From: Guixin Liu <kanie@linux.alibaba.com>
To: Nilay Shroff <nilay@linux.ibm.com>, linux-nvme@lists.infradead.org
Cc: hare@suse.de, hch@lst.de, kbusch@kernel.org, sagi@grimberg.me,
dwagner@suse.de, axboe@kernel.dk, gjoyce@ibm.com
Subject: Re: [RFC PATCHv4 0/6] nvme-multipath: introduce adaptive I/O policy
Date: Wed, 5 Nov 2025 00:57:35 +0800 [thread overview]
Message-ID: <96f9d51d-7cde-404b-a2a4-0c1b97d07be6@linux.alibaba.com> (raw)

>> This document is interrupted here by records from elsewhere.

(* Let $0<p<\infty$, $0<q\le\infty$ and $s>\max\{0,1/p-1\}$. Then \[M(B^s_{p,q})\hookrightarrow M^s_{p,q}\hookrightarrow B^s_{p,q,\mathrm{unif}}.\]
   Context: Besov spaces: $B^s_{p,q}=B^s_{p,q}(\mathbb R)$ is the inhomogeneous Besov space, with quasi-norm \[\|f\|_{L^p}+\Big(\int_{|h|\le1}|h|^{-sq}\|\Delta^m_hf\|_{L^p}^q\,dh/|h|\Big)^{1/q},\] where $m>s$ is an integer and $\Delta_h^mf(x)=\sum_{j=0}^m(-1)^{m-j}\binom mj f(x+jh)$. Multipliers: $M(X)$ is the set of measurable $g$ with $\|g\|_{M(X)}=\sup_{\|f\|_X\le1}\|gf\|_X<\infty$. Auxiliary function: let $\psi\in C_0^\infty(\mathbb R)$ be non-negative with $\sum_{z\in\mathbb Z}\psi(\cdot-z)\equiv1$ and $\operatorname{supp}\psi=[-1,1]$. Auxiliary spaces: \[B^s_{p,q,\mathrm{unif}}=\{f\in L^1_{\mathrm{loc}}:\ \sup_{z\in\mathbb Z}\|f\psi(\cdot-z)\|_{B^s_{p,q}}<\infty\},\] \[M^s_{p,q}=\Big\{f\in L^1_{\mathrm{loc}}:\ \sup_{\|\{c_z\}\|_{\ell^p(\mathbb Z)}\le1}\Big\|f\sum_{z\in\mathbb Z}c_z\psi(\cdot-z)\Big\|_{B^s_{p,q}}<\infty\Big\},\] each with the quasi-norm given by the corresponding supremum. Notation: $X\hookrightarrow Y$ denotes continuous embedding. *)

theory Defs
  imports "HOL-Analysis.Analysis"
begin

definition epow :: "ennreal \<Rightarrow> real \<Rightarrow> ennreal" where
  "epow x r = (if x = \<infinity> then \<infinity> else ennreal (enn2real x powr r))"

definition fdiff :: "nat \<Rightarrow> real \<Rightarrow> (real \<Rightarrow> real) \<Rightarrow> real \<Rightarrow> real" where
  "fdiff m h f x = (\<Sum>j=0..m. (-1) ^ (m - j) * real (m choose j) * f (x + real j * h))"

definition Lp_qnorm :: "real \<Rightarrow> (real \<Rightarrow> real) \<Rightarrow> ennreal" where
  "Lp_qnorm p f = epow (\<integral>\<^sup>+ x. ennreal (\<bar>f x\<bar> powr p) \<partial>lborel) (1 / p)"

definition lp_qnorm :: "real \<Rightarrow> (int \<Rightarrow> real) \<Rightarrow> ennreal" where
  "lp_qnorm p c = epow (\<Sum>\<^sub>\<infinity> z. ennreal (\<bar>c z\<bar> powr p)) (1 / p)"

text \<open>Order of differences used: the integer m = floor s + 1 > s.\<close>
definition besov_m :: "real \<Rightarrow> nat" where
  "besov_m s = nat \<lfloor>s\<rfloor> + 1"

definition besov_qnorm :: "real \<Rightarrow> ennreal \<Rightarrow> real \<Rightarrow> (real \<Rightarrow> real) \<Rightarrow> ennreal" where
  "besov_qnorm p q s f =
     Lp_qnorm p f +
     (if q = \<infinity> then
        (SUP h \<in> {h. 0 < \<bar>h\<bar> \<and> \<bar>h\<bar> \<le> 1}.
            ennreal (\<bar>h\<bar> powr (- s)) * Lp_qnorm p (fdiff (besov_m s) h f))
      else
        epow (\<integral>\<^sup>+ h. indicator {h. \<bar>h\<bar> \<le> 1} h *
                 ennreal (\<bar>h\<bar> powr (- s * enn2real q) / \<bar>h\<bar>) *
                 epow (Lp_qnorm p (fdiff (besov_m s) h f)) (enn2real q) \<partial>lborel)
             (1 / enn2real q))"

definition besov_space :: "real \<Rightarrow> ennreal \<Rightarrow> real \<Rightarrow> (real \<Rightarrow> real) set" where
  "besov_space p q s = {f. f \<in> borel_measurable lborel \<and> besov_qnorm p q s f < \<infinity>}"

definition L1_loc :: "(real \<Rightarrow> real) set" where
  "L1_loc = {f. \<forall>a b. set_integrable lborel {a..b} f}"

In-Reply-To: <20251104104533.138481-1-nilay@linux.ibm.com>
Hi Nilay:
Could you plz update Documentation/admin-guide/nvme-multipath.rst too?
Best Regards,
Guixin Liu
在 2025/11/4 18:45, Nilay Shroff 写道:
> Hi,
>
> This series introduces a new adaptive I/O policy for NVMe native
> multipath. Existing policies such as numa, round-robin, and queue-depth
> are static and do not adapt to real-time transport performance. The numa
> selects the path closest to the NUMA node of the current CPU, optimizing
> memory and path locality, but ignores actual path performance. The
> round-robin distributes I/O evenly across all paths, providing fairness
> but not performance awareness. The queue-depth reacts to instantaneous
> queue occupancy, avoiding heavily loaded paths, but does not account for
> actual latency, throughput, or link speed.
>
> The new adaptive policy addresses these gaps selecting paths dynamically
> based on measured I/O latency for both PCIe and fabrics. Latency is
> derived by passively sampling I/O completions. Each path is assigned a
> weight proportional to its latency score, and I/Os are then forwarded
> accordingly. As condition changes (e.g. latency spikes, bandwidth
> differences), path weights are updated, automatically steering traffic
> toward better-performing paths.
>
> Early results show reduced tail latency under mixed workloads and
> improved throughput by exploiting higher-speed links more effectively.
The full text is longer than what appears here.